Quite how many children are missing out on education because of war in the country is uncertain. With four of Afghanistan’s 28 provinces still embroiled in conflict a conservative estimate would be 80,000.

After the Taliban seized control of the capital Kabul in 1996, they imposed harsh laws drawing on Islamic and traditional Afghan beliefs. As a result, in the 90 per cent of territory under Taliban control education for girls is forbidden.

Eric de Mul, the UN humanitarian co-ordinator for Afghanistan, said the situation for girls is slightly improving, writes Scott Neuman of Associated Press. Girls are still barred from attending traditional schools, but there is a growth of “what is called home-based education,” de Mul said.
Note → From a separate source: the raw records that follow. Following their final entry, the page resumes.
text \<open>Each list holds the one-move survival probabilities of a cycle of four classes,
starting at the class in question. The other two classes of the cycle are the first two for the
swapped graph, which is why the induction runs over all complete bipartite graphs.\<close>

lemma caught_by_opposite_sides:
  assumes "complete_bipartite A B E S" and \<theta>: "0 \<le> \<theta>" "\<theta> \<le> 1"
  shows "(\<forall>a\<in>A. \<forall>b\<in>B. caught_by \<theta> S E (Play a b True) n
            = 1 - cyclic_prod [1 - 1 / card A, 1, 1 - 1 / card B, 1] n)
       \<and> (\<forall>a\<in>A. \<forall>b\<in>A. a \<noteq> b \<longrightarrow> caught_by \<theta> S E (Play a b False) n
            = 1 - cyclic_prod [1, 1 - 1 / card B, 1, 1 - 1 / card A] n)"
  using assms(1)
proof (induction n arbitrary: A B)
  case (Suc n)
  interpret G: complete_bipartite A B E S
    by (rule Suc.prems)
  interpret G': complete_bipartite B A E S
    by (rule G.swap)
  note IH = Suc.IH[OF Suc.prems] Suc.IH[OF G.swap]
  have "caught_by \<theta> S E (Play a b True) (Suc n)
          = 1 - (1 - 1 / card A) * cyclic_prod [1, 1 - 1 / card B, 1, 1 - 1 / card A] n"
    if "a \<in> A" "b \<in> B" for a b
    using IH that by (intro G'.caught_by_robber_move_to_cop_side) auto
  moreover have "caught_by \<theta> S E (Play a b False) (Suc n)
          = 1 - cyclic_prod [1 - 1 / card B, 1, 1 - 1 / card A, 1] n"
    if "a \<in> A" "b \<in> A" "a \<noteq> b" for a b
    using IH that by (intro G.caught_by_cop_move_same_side[OF \<theta>]) auto
  ultimately show ?case
    by simp
qed simp
(* Let $n>10$, $S=\{1,2,5\}\subset\mathbb Z_n$, and $\mathbb K$ a field of characteristic $0$ containing the $n$-th roots of unity; fix $\lambda$ with $\lambda^n=1$. For $m\ge2$ define \[A_m:=f^{(\lambda)}_{1,1,\dots,1},\quad B_m:=\sum_{i=0}^{m-1}(-1)^{m-1-i}f^{(\lambda)}_{1^i,2,1^{m-1-i}},\quad C_m:=\sum_{i=0}^{m-1}(-1)^{m-1-i}f^{(\lambda)}_{1^i,5,1^{m-1-i}},\quad D_m:=\sum_{w\in\mathrm{Sh}(1^{m-2},2,5)}(-1)^{\mathrm{inv}(w)}f^{(\lambda)}_w.\] Then $\Omega_m^{(\lambda)}(\vec C_n^{1,2,5})=\mathrm{Span}\{A_m,B_m,C_m,D_m\}$ and $\dim\Omega_m^{(\lambda)}=4$.
   Context: GLMY path complex over a field $\mathbb K$ of characteristic $0$: elementary paths $e_{v_0\cdots v_n}$, boundary $\partial e_{v_0\cdots v_n}=\sum_{j}(-1)^j e_{v_0\cdots\widehat{v_j}\cdots v_n}$, paths with two equal consecutive vertices set to $0$; $A_n(G)$ = span of paths along arrows of $G$; $\Omega_0=A_0$, $\Omega_1=A_1$, $\Omega_n=\{u\in A_n:\partial u\in A_{n-1}\}$. The circulant digraph $\vec{C}_n^S$ has vertex set $\mathbb Z_n$ and arrows $a\to a+s$, $s\in S$. $\tau$ is induced by $a\mapsto a+1$; $\Omega_m^{(\lambda)}=\{\alpha\in\Omega_m:\tau\alpha=\lambda\alpha\}$. For a word $w=(s_1,\dots,s_m)\in S^m$, $f_w^{(\lambda)}=\sum_{a\in\mathbb Z_n}\lambda^{-a}e_{a,a+s_1,\ldots,a+s_1+\cdots+s_m}$; $1^i$ denotes $i$ consecutive letters $1$. $\mathrm{Sh}(1^{m-2},2,5)$ is the set of all rearrangements of $m-2$ ones, one $2$ and one $5$; $\mathrm{inv}(w)$ is the number of pairs $i<j$ with $w_i>w_j$ in the order $1<2<5$. *)

theory Defs
  imports Complex_Main "HOL-Library.Function_Algebras" "HOL-Library.Multiset"
begin

(* Chains: an m-chain over the field 'a is a function from vertex lists
   (elementary paths e_{v0...vm}, vertices in Z_n represented by {0..<n})
   to coefficients; e_p corresponds to the indicator of p. *)

type_synonym 'a chain = "nat list \<Rightarrow> 'a"

definition chain_scale :: "'a::field \<Rightarrow> 'a chain \<Rightarrow> 'a chain" where
  "chain_scale c u = (\<lambda>p. c * u p)"

definition regular :: "nat list \<Rightarrow> bool" where
  "regular p \<longleftrightarrow> (\<forall>i. Suc i < length p \<longrightarrow> p ! i \<noteq> p ! Suc i)"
In the Panjshir Valley schools have been turned into makeshift hostels for refugees. Many others are still sleeping outside and the few international aid organisations operating here are frantically trying to provide shelter before the vicious winter sets in and closes off the mountain passes. The UN has warned of an impending humanitarian disaster unless food supplies are allowed into the region soon.

Despite the fighting, the UN last week completed the vaccination of 3.5 million children against polio - in a country with one of the highest mortality rates from disease. The World Food Programme is to provide meals as an incentive for 50,000 children to attend primary school in anti-Taliban territory in the north-east.